Un érudit, homme de goût, Charles Magnin, a exprimé le regret qu’un poème intitulé les Bretons ne fut pas consacré surtout à la Bretagne héroïque, à la Bretagne des Du Guesclin et des Beaumanoir, des Montfort et des Clisson. Était-ce pour déférer à ce vœu, était-ce uniquement pour obéir à une conception symétrique, que Brizeux voulait, dans une suite ou un pendant de son poème, célébrer la Bretagne druidique, chevaleresque et féodale ? Nous n’en savons rien, mais nous ne pouvons regretter qu’il n’ait pas réalisé ce dessein. Il se serait mis en contradiction avec son génie intime qui le portait sans doute à l’élévation, mais à une sorte d’élévation familière, toute propre surtout à ennoblir les sujets modestes.

En effet, Brizeux a effleuré la passion dans Marie, évoqué la méditation dans la Fleur d’or, touché au grandiose et au solennel dans les Bretons, mais sa véritable supériorité n’est pas là : elle se montre pourtant dans chacune de ces œuvres – même elle en fait le charme et la vie –, mais elle ne s’y donne pas pleinement carrière.

Cette supériorité consiste précisément dans l’emploi sobre et digne de la familiarité en matière poétique. Marie, avant Jocelyn, avait donné cette note. L’honneur de Brizeux, sa bonne inspiration a été d’y demeurer fidèle. Dans aucun de ses poèmes il ne s’en est départi : même dans la Fleur d’or, le plus abstrait ou du moins le plus philosophique des recueils qu’il a publiés, vous rencontrez des chefs-d’œuvre de sensibilité, tels que le vieux Collège et Jacque le Maçon ; mais nulle part le maître gracieux, simple et touchant ne s’est donné plus pleinement, plus heureusement carrière que dans les Histoires poétiques. Lisez Job et son Cheval, ma Chaumière, le Tisserand, l’Artisane, la Traversée, et Brizeux vous apparaîtra vraiment lui, suivant sa veine naturelle, en possession de sa véritable originalité.
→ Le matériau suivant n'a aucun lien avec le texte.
(* Let $\gamma>0$, let $V\in C_{p,\gamma}^{0}(\mathbb{R})$ be real-valued, and $\lambda\in\mathbb{R}$. Suppose $\psi(x)=e^{\mathrm{i}kx}p(x)$, with $k\in\mathbb{C}$ and $p\in C^2_{p,\gamma}(\mathbb{R})$, is a bounded Bloch solution of $-\psi''+V\psi=\lambda\psi$ that has a zero. Then the quasimomentum is $k=\frac{n\pi}{\gamma}$ for some $n\in\mathbb{Z}$, and $\psi$ equals the product of a complex constant and a real-valued function $f$ that is $\gamma$-periodic or $\gamma$-anti-periodic ($f(x+\gamma)=f(x)$ for all $x$, or $f(x+\gamma)=-f(x)$ for all $x$).
   Context: $C_{p}^{0}(I)$: integrable piecewise-continuous functions on $I$ (finitely many discontinuities on each finite subinterval, one-sided improper integrals of $|f|$ converging at each discontinuity); $C_{p}^{l}(I)$: differentiable functions with derivative in $C_{p}^{l-1}(I)$; $C_{p,\gamma}^{l}(\mathbb{R})$: $\gamma$-periodic functions in $C_{p}^{l}(\mathbb{R})$. A Bloch solution is a solution of the form $e^{\mathrm{i}kx}p(x)$ with $p$ $\gamma$-periodic; $k$ is its quasimomentum. *)

theory Defs
  imports "HOL-Analysis.Analysis"
begin

definition pc0 :: "(real \<Rightarrow> 'a::real_normed_vector) \<Rightarrow> bool" where
  "pc0 f \<longleftrightarrow>
     (\<forall>a b. finite {x \<in> {a..b}. \<not> isCont f x}) \<and>
     (\<forall>c. \<not> isCont f c \<longrightarrow>
        (\<exists>\<delta>>0. (\<forall>t\<in>{c<..c+\<delta>}. isCont f t) \<and>
           (\<exists>L. ((\<lambda>e. integral {c+e..c+\<delta>} (\<lambda>t. norm (f t))) \<longlongrightarrow> L) (at_right 0))) \<and>
        (\<exists>\<delta>>0. (\<forall>t\<in>{c-\<delta>..<c}. isCont f t) \<and>
           (\<exists>L. ((\<lambda>e. integral {c-\<delta>..c-e} (\<lambda>t. norm (f t))) \<longlongrightarrow> L) (at_right 0))))"

fun pcl :: "nat \<Rightarrow> (real \<Rightarrow> 'a::real_normed_vector) \<Rightarrow> bool" where
  "pcl 0 f = pc0 f"
| "pcl (Suc l) f = (\<exists>f'. (\<forall>x. (f has_vector_derivative f' x) (at x)) \<and> pcl l f')"

definition pcl_per :: "real \<Rightarrow> nat \<Rightarrow> (real \<Rightarrow> 'a::real_normed_vector) \<Rightarrow> bool" where
  "pcl_per \<gamma> l f \<longleftrightarrow> pcl l f \<and> (\<forall>x. f (x + \<gamma>) = f x)"

definition solves_schroedinger :: "(real \<Rightarrow> real) \<Rightarrow> real \<Rightarrow> (real \<Rightarrow> complex) \<Rightarrow> bool" where
  "solves_schroedinger V lam \<psi> \<longleftrightarrow>
     (\<exists>\<psi>' \<psi>''. \<forall>x. (\<psi> has_vector_derivative \<psi>' x) (at x) \<and>
                  (\<psi>' has_vector_derivative \<psi>'' x) (at x) \<and>
                  - \<psi>'' x + of_real (V x) * \<psi> x = of_real lam * \<psi> x)"

end

(*
  Re psi and Im psi solve the same real equation, and their Wronskian Im (cnj psi * psi')
  is constant, hence zero because psi has a zero. Therefore Im (cnj (psi a) * psi), for a
  point a with psi a ~= 0, is a real solution with vanishing Cauchy data at a, and it
  vanishes identically by uniqueness; so psi is a constant times a real function f.
  Uniqueness for a merely piecewise continuous V comes from a Gronwall estimate for the
  energy w^2 + w'^2, which only needs the local integrability of V built into C_p^0.
  The Floquet multiplier mu = exp (i k gamma) then is real, and boundedness of psi forces
  |mu| = 1, i.e. mu = 1 or mu = -1: this gives k in (pi/gamma) Z and the periodicity or
  anti-periodicity of f.
*)

theory Submission
  imports Defs
begin

lemma gronwall_differential_inequality:
  fixes E E' h :: "real \<Rightarrow> real" and s t :: real
  assumes "s \<le> t" and h: "continuous_on {s..t} h"
    and E: "\<And>x. x \<in> {s..t} \<Longrightarrow> (E has_real_derivative E' x) (at x within {s..t})"
    and E'_le: "\<And>x. x \<in> {s..t} \<Longrightarrow> E' x \<le> h x * E x"
  shows "E t \<le> E s * exp (integral {s..t} h)"
proof -
  define H where "H x = integral {s..x} h" for x
  define F where "F x = E x * exp (- H x)" for x
  define F' where "F' x = (E' x - h x * E x) * exp (- H x)" for x
  have "(F has_derivative (*) (F' x)) (at x within {s..t})" if x: "x \<in> {s..t}" for x
  proof -
    have "(H has_real_derivative h x) (at x within {s..t})"
      unfolding H_def by (rule integral_has_real_derivative[OF h x])
    then have "(F has_real_derivative F' x) (at x within {s..t})"
      unfolding F_def F'_def by (auto intro!: derivative_eq_intros E x simp: algebra_simps)
    then show ?thesis by (simp add: has_field_derivative_def)
  qed
  then obtain \<xi> where "\<xi> \<in> {s..t}" and "F t - F s = F' \<xi> * (t - s)"
    using mvt_very_simple[OF \<open>s \<le> t\<close>, of F "\<lambda>x. (*) (F' x)"] by auto
  moreover have "F' \<xi> \<le> 0"
    unfolding F'_def using E'_le[OF \<open>\<xi> \<in> {s..t}\<close>] by (simp add: mult_nonpos_nonneg)
  ultimately have "F t \<le> F s" using \<open>s \<le> t\<close> by (smt (verit) mult_nonpos_nonneg)
  then show ?thesis by (simp add: F_def H_def exp_minus field_simps)
qed

lemma isCont_reflect_iff:
  fixes f :: "real \<Rightarrow> 'a::topological_space"
  shows "isCont (\<lambda>x. f (- x)) x \<longleftrightarrow> isCont f (- x)"
proof
  show "isCont f (- x)" if "isCont (\<lambda>x. f (- x)) x"
    using isCont_o2[OF continuous_ident[THEN isCont_minus, of "- x"], of "\<lambda>x. f (- x)"] that by simp
  show "isCont (\<lambda>x. f (- x)) x" if "isCont f (- x)"
    using isCont_o2[OF continuous_ident[THEN isCont_minus, of x] that] by simp
qed

lemma pc0_reflect:
  fixes f :: "real \<Rightarrow> 'a::real_normed_vector"
  assumes "pc0 f"
  shows "pc0 (\<lambda>x. f (- x))"
  unfolding pc0_def
proof (intro conjI allI impI)
  fix a b :: real
  have "{x \<in> {a..b}. \<not> isCont (\<lambda>x. f (- x)) x} = uminus ` {y \<in> {-b..-a}. \<not> isCont f y}"
    by (auto simp: isCont_reflect_iff intro!: image_eqI[where x="- x" for x])
  then show "finite {x \<in> {a..b}. \<not> isCont (\<lambda>x. f (- x)) x}"
    using assms unfolding pc0_def by simp
next
  fix c assume "\<not> isCont (\<lambda>x. f (- x)) c"
  then have "\<not> isCont f (- c)" by (simp add: isCont_reflect_iff)
  then obtain \<delta>l Ll \<delta>r Lr where "\<delta>l > 0" and cont_l: "\<forall>t\<in>{-c-\<delta>l..<-c}. isCont f t"
      and Ll: "((\<lambda>e. integral {-c-\<delta>l..-c-e} (\<lambda>t. norm (f t))) \<longlongrightarrow> Ll) (at_right 0)"
      and "\<delta>r > 0" and cont_r: "\<forall>t\<in>{-c<..-c+\<delta>r}. isCont f t"
      and Lr: "((\<lambda>e. integral {-c+e..-c+\<delta>r} (\<lambda>t. norm (f t))) \<longlongrightarrow> Lr) (at_right 0)"
    using assms unfolding pc0_def by blast
  have reflect_l: "integral {c+e..c+\<delta>l} (\<lambda>t. norm (f (- t))) = integral {-c-\<delta>l..-c-e} (\<lambda>t. norm (f t))"
    and reflect_r: "integral {c-\<delta>r..c-e} (\<lambda>t. norm (f (- t))) = integral {-c+e..-c+\<delta>r} (\<lambda>t. norm (f t))"
    for e
    \<comment> \<open>qualified: the unqualified name is the Lebesgue-integral version\<close>
    using Henstock_Kurzweil_Integration.integral_reflect_real[of "-c-e" "-c-\<delta>l" "\<lambda>t. norm (f t)"]
      Henstock_Kurzweil_Integration.integral_reflect_real[of "-c+\<delta>r" "-c+e" "\<lambda>t. norm (f t)"]
    by (simp_all add: add.commute)
  show "\<exists>\<delta>>0. (\<forall>t\<in>{c<..c+\<delta>}. isCont (\<lambda>x. f (- x)) t) \<and>
          (\<exists>L. ((\<lambda>e. integral {c+e..c+\<delta>} (\<lambda>t. norm (f (- t)))) \<longlongrightarrow> L) (at_right 0))"
    using \<open>\<delta>l > 0\<close> cont_l Ll
    by (intro exI[of _ \<delta>l] conjI exI[of _ Ll]) (auto simp: isCont_reflect_iff reflect_l)
  show "\<exists>\<delta>>0. (\<forall>t\<in>{c-\<delta>..<c}. isCont (\<lambda>x. f (- x)) t) \<and>
          (\<exists>L. ((\<lambda>e. integral {c-\<delta>..c-e} (\<lambda>t. norm (f (- t)))) \<longlongrightarrow> L) (at_right 0))"
    using \<open>\<delta>r > 0\<close> cont_r Lr
    by (intro exI[of _ \<delta>r] conjI exI[of _ Lr]) (auto simp: isCont_reflect_iff reflect_r)
qed

lemma pc0_improper_integral_right:
  fixes V :: "real \<Rightarrow> real"
  assumes "pc0 V"
  obtains \<delta> L where "\<delta> > 0" "\<And>x. x \<in> {b<..b+\<delta>} \<Longrightarrow> isCont V x"
    "((\<lambda>s. integral {s..b+\<delta>} (\<lambda>x. \<bar>V x\<bar>)) \<longlongrightarrow> L) (at_right b)"
proof (cases "isCont V b")
  case False
  then obtain \<delta> L where "\<delta> > 0" "\<forall>x\<in>{b<..b+\<delta>}. isCont V x"
    and L: "((\<lambda>e. integral {b+e..b+\<delta>} (\<lambda>x. norm (V x))) \<longlongrightarrow> L) (at_right 0)"
    using assms unfolding pc0_def by blast
  moreover have "((\<lambda>s. integral {s..b+\<delta>} (\<lambda>x. \<bar>V x\<bar>)) \<longlongrightarrow> L) (at_right b)"
    using L unfolding filterlim_at_right_to_0[where a=b] by (simp add: add.commute[of _ b])
  ultimately show ?thesis by (intro that) auto
next
  case True
  have "finite {x \<in> {b..b+1}. \<not> isCont V x}"
    using conjunct1[OF assms[unfolded pc0_def]] by blast
  then obtain d where "d > 0"
    and d: "\<And>x. x \<in> {x \<in> {b..b+1}. \<not> isCont V x} \<Longrightarrow> x \<noteq> b \<Longrightarrow> d \<le> dist b x"
    using finite_set_avoid[of _ b] by blast
  define \<delta> where "\<delta> = min 1 (d/2)"
  have "\<delta> > 0" using \<open>d > 0\<close> by (simp add: \<delta>_def)
  have cont: "isCont V x" if "x \<in> {b..b+\<delta>}" for x
  proof (rule ccontr)
    assume "\<not> isCont V x"
    moreover from this True have "x \<noteq> b" by auto
    ultimately have "d \<le> dist b x" using that by (intro d) (auto simp: \<delta>_def)
    with that \<open>d > 0\<close> show False by (auto simp: \<delta>_def dist_real_def)
  qed
  then have "continuous_on {b..b+\<delta>} (\<lambda>x. \<bar>V x\<bar>)"
    by (intro continuous_at_imp_continuous_on continuous_intros) auto
  then have "continuous_on {b..b+\<delta>} (\<lambda>s. integral {s..b+\<delta>} (\<lambda>x. \<bar>V x\<bar>))"
    by (intro indefinite_integral_continuous_1' integrable_continuous_real)
  then have "((\<lambda>s. integral {s..b+\<delta>} (\<lambda>x. \<bar>V x\<bar>)) \<longlongrightarrow> integral {b..b+\<delta>} (\<lambda>x. \<bar>V x\<bar>))
      (at_right b)"
    by (rule continuous_on_Icc_at_rightD) (use \<open>\<delta> > 0\<close> in simp)
  with \<open>\<delta> > 0\<close> cont show ?thesis by (intro that) auto
qed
Il ne nous semble pas que ce dernier recueil, Histoires poétiques, ait obtenu tout le succès auquel il avait droit. Les livres, comme les hommes, ont leurs mystérieuses destinées, et le retentissement n’est pas toujours en raison du mérite. C’est à la postérité d’assigner les rangs et d’établir l’équilibre. Elle a pour cela l’avantage, non seulement d’être moins passionnée que nos contemporains, mais encore de voir les œuvres d’ensemble et non successivement. Eh bien ! j’incline à croire qu’à l’époque – dont nous approchons – de ce classement définitif, les Histoires poétiques seront considérées comme le plus complet exemplaire du talent de Brizeux, non pas qu’elles infirment la valeur incontestable des recueils précédents, non pas qu’elles tranchent sur l’unité harmonique de l’œuvre et la démentent, mais bien plutôt parce qu’elles la confirment, en montrant dans le plein épanouissement ce qui souvent ailleurs n’était qu’en germe ou se particularisait trop volontiers.

Le poète breton, chez Brizeux, ne doit pas nous voiler le poète humain, et l’on peut appliquer à l’ensemble de sa production ce que Saint-René Taillandier écrivait à propos de l’un de ses ouvrages [les Bretons] :

« Une chose admirable dans ce poème, c’est qu’étant si breton, il soit en même temps si profondément humain... Rien de plus local par les mœurs et les coutumes, rien de plus général par les sentiments !... [...] Du printemps à l’hiver, du berceau de l’enfant à la tombe du vieillard, combien de scènes où la nature et l’humanité s’épanouissent en leur simplicité première. [...] Le peintre et le poète, le moraliste et l’érudit ont travaillé ensemble à ces familières idylles. »

La chaste et saine poésie familière embellissant le foyer, mais ne s’y enfermant pas et ouvrant vers le ciel une large perspective, voilà le domaine de Brizeux, un domaine plus étendu que sa Bretagne et dont la légitime possession lui est solidement assurée.

 

 

 

 

 

Jules LEVALLOIS.

Paru dans Le Chercheur, revue éclectique, en 1888.